FACTS AND PROCEDURAL HISTORY

¶ 3. At approximately 9:00 p.m., on February 28, 2006, Blackston drove his pickup truck westbound on Mt. Pleasant Road in George County, Mississippi. Stapleton was a passenger in Blackston’s truck.

¶4. The George County Road Department had installed culverts on several driveways on Mt. Pleasant Road. According to Blackston, a vehicle approached him in the opposite direction, and he did not have room to pass. Therefore, he moved his truck to the right side of his lane. At that time, Blackston’s truck hit a mound of dirt in the roadway, which caused Black-ston to lose control of his vehicle. The mound of dirt was situated in front of a private driveway owned by Ralph Ayers. Stapleton has no memory of the accident.

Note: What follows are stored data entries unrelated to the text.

lemma sum_card_le_group:
  fixes f :: "nat \<Rightarrow> 'b::semiring_0" and g :: "'a::finite set \<Rightarrow> 'b"
  shows "(\<Sum>S | card S \<le> k. f (card S) * g S) = (\<Sum>j\<le>k. f j * (\<Sum>S | card S = j. g S))"
proof -
  have "(\<Sum>S | card S \<le> k. f (card S) * g S)
      = (\<Sum>j\<le>k. \<Sum>S\<in>{S\<in>{S. card S \<le> k}. card S = j}. f (card S) * g S)"
    by (rule sum.group[symmetric]) auto
  also have "\<dots> = (\<Sum>j\<le>k. f j * (\<Sum>S | card S = j. g S))"
    by (intro sum.cong refl) (auto simp: sum_distrib_left intro: sum.cong)
  finally show ?thesis .
qed

lemma sum_card_insert:
  fixes h :: "'a::finite set \<Rightarrow> 'b::semiring_1"
  shows "(\<Sum>S | card S = j. \<Sum>c\<in>UNIV - S. h (insert c S)) = of_nat (Suc j) * (\<Sum>T | card T = Suc j. h T)"
proof -
  have "(\<Sum>S | card S = j. \<Sum>c\<in>UNIV - S. h (insert c S))
      = (\<Sum>(S, c)\<in>Sigma {S. card S = j} (\<lambda>S. UNIV - S). h (insert c S))"
    by (rule sum.Sigma) auto
  also have "\<dots> = (\<Sum>(T, c)\<in>Sigma {T. card T = Suc j} (\<lambda>T. T). h T)"
    by (rule sum.reindex_bij_witness[where j = "\<lambda>(S, c). (insert c S, c)"
          and i = "\<lambda>(T, c). (T - {c}, c)"]) auto
  also have "\<dots> = (\<Sum>T | card T = Suc j. \<Sum>c\<in>T. h T)"
    by (rule sum.Sigma[symmetric]) auto
  also have "\<dots> = of_nat (Suc j) * (\<Sum>T | card T = Suc j. h T)"
    by (simp add: sum_distrib_left)
  finally show ?thesis .
qed

section \<open>Principal minors\<close>

lemma sum_permutations_UNIV_restrict:
  fixes g :: "('a::finite \<Rightarrow> 'a) \<Rightarrow> 'b::comm_monoid_add"
  assumes "\<And>p x. p permutes UNIV \<Longrightarrow> x \<notin> T \<Longrightarrow> p x \<noteq> x \<Longrightarrow> g p = 0"
  shows "(\<Sum>p | p permutes UNIV. g p) = (\<Sum>p | p permutes T. g p)"
proof (rule sum.mono_neutral_right)
  show "finite {p. p permutes (UNIV::'a set)}"
    by (simp add: finite_permutations)
  show "{p. p permutes T} \<subseteq> {p. p permutes UNIV}"
    using permutes_subset by blast
  show "\<forall>p\<in>{p. p permutes UNIV} - {p. p permutes T}. g p = 0"
    using assms unfolding permutes_def by blast
qed
(* Fix any integer $d\geq 3$, any prime power $q$, and any group $\Gamma$. Let $I=\{i_0<i_1<i_2\}\subseteq[d-1]$ and let $s$ be a face of $\mathcal{B}^{d,[d-1]\setminus I}_q$ (i.e. a chain of subspaces of $\mathbb{F}_q^d$ with dimensions outside $I$). Assume that (1) $2i_0\leq i_1$, or there is a subspace $V\in s$ with $i_0<\dim V<i_1$; and (2) either $2i_1-i_0\leq i_2$, or $2i_1-\dim(V)\leq i_2$ where $V\in s$ is a subspace with $i_0<\dim V<i_1$, or there is a subspace $W\in s$ with $i_1<\dim W<i_2$. Then the complex $\mathcal{B}^{d,I}_{q,s}$ is a $1$-coboundary expander with $h^1(\mathcal{B}^{d,I}_{q,s},\Gamma)\geq\frac{1}{13}$.
   Context: The flags complex $\mathcal{B}^d_q$ has vertices the nonzero proper subspaces of $\mathbb{F}_q^d$ (colored by dimension) and faces the chains of such subspaces; it carries the uniform distribution on maximal chains and induced distributions on lower faces. For a set of dimensions $T$, $\mathcal{B}^{d,T}_q$ is the projection onto subspaces with dimension in $T$. $\mathcal{B}^{d,I}_{q,s}$ denotes the link of $s$ in $\mathcal{B}^d_q$ projected onto colors $I$: its faces are the chains $t$ of subspaces with dimensions in $I$ such that $s\cup t$ is a chain, with the induced (conditional) distribution. For a group $\Gamma$: $1$-cochains are functions $f$ on ordered edges with $f(u,v)=f(v,u)^{-1}$, $\delta f(u,v,w)=f(u,v)f(v,w)f(w,u)$, $\delta g(u,v)=g(u)g(v)^{-1}$; $Z^1=\ker\delta$, $B^1=\{\delta g\}$; $h^1=\min_{f\notin Z^1}\mathrm{wt}(\delta f)/\mathrm{dist}(f,Z^1)$, with $\mathrm{wt}$ the triangle-measure where $\delta f\neq\mathrm{id}$ and $\mathrm{dist}$ the edge-measure distance; a $1$-coboundary expander additionally has $Z^1=B^1$. *)

theory Defs
  imports "HOL-Analysis.Analysis"
begin

text \<open>Flags complex over F_q^d, modelled with a finite field type 'k (q = CARD('k)) and
  vectors in 'k^'n, so that d = CARD('n).\<close>

definition sub_vertex :: "('k::field ^ 'n) set \<Rightarrow> bool" where
  "sub_vertex V \<longleftrightarrow> vec.subspace V \<and> 0 < vec.dim V \<and> vec.dim V < CARD('n)"

definition is_chain :: "('k::field ^ 'n) set set \<Rightarrow> bool" where
  "is_chain S \<longleftrightarrow> (\<forall>V\<in>S. sub_vertex V) \<and> (\<forall>U\<in>S. \<forall>V\<in>S. U \<subseteq> V \<or> V \<subseteq> U)"

text \<open>Maximal chains (complete flags), carrying the uniform distribution.\<close>
definition max_chains :: "('k::field ^ 'n) set set set" where
  "max_chains = {F. is_chain F \<and> (\<forall>G. is_chain G \<and> F \<subseteq> G \<longrightarrow> G = F)}"

definition at_dim :: "('k::field ^ 'n) set set \<Rightarrow> nat \<Rightarrow> ('k ^ 'n) set" where
  "at_dim F i = (THE V. V \<in> F \<and> vec.dim V = i)"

¶ 5. Blackston’s brother, Jerome Blackstone, was traveling just behind Blackston at the time of the accident. Jerome recalled seeing the truck hit the drive, go left, then back, and start flipping.

¶ 6. On February 21, 2007, Blackston and Stapleton filed a notice of tort claim to the president of the George County Board of Supervisors and the George County Chancery Clerk. On April 30, 2007, Zurich North America Insurance Company, George County’s liability carrier, sent Blackston and Stapleton a letter denying their claim.

¶ 7. On August 30, 2007, Blackston and Stapleton filed a complaint against George County under the MTCA alleging negligence. On February 21, 2008, George County filed a motion to dismiss and/or for summary judgment, asserting that the complaint filed by Blackston and Stapleton was untimely. On May 29, 2008, the circuit court denied George County’s motion, finding that the denial letter was ineffective because it was sent by Zurich rather than George County.

¶ 8. On September 1, 2009, George County filed a motion for summary judgment based on its alleged lack of notice of a dangerous condition, an absence of causation, and the open-and-obvious immunity provision under the MTCA. The circuit court denied their motion for summary judgment.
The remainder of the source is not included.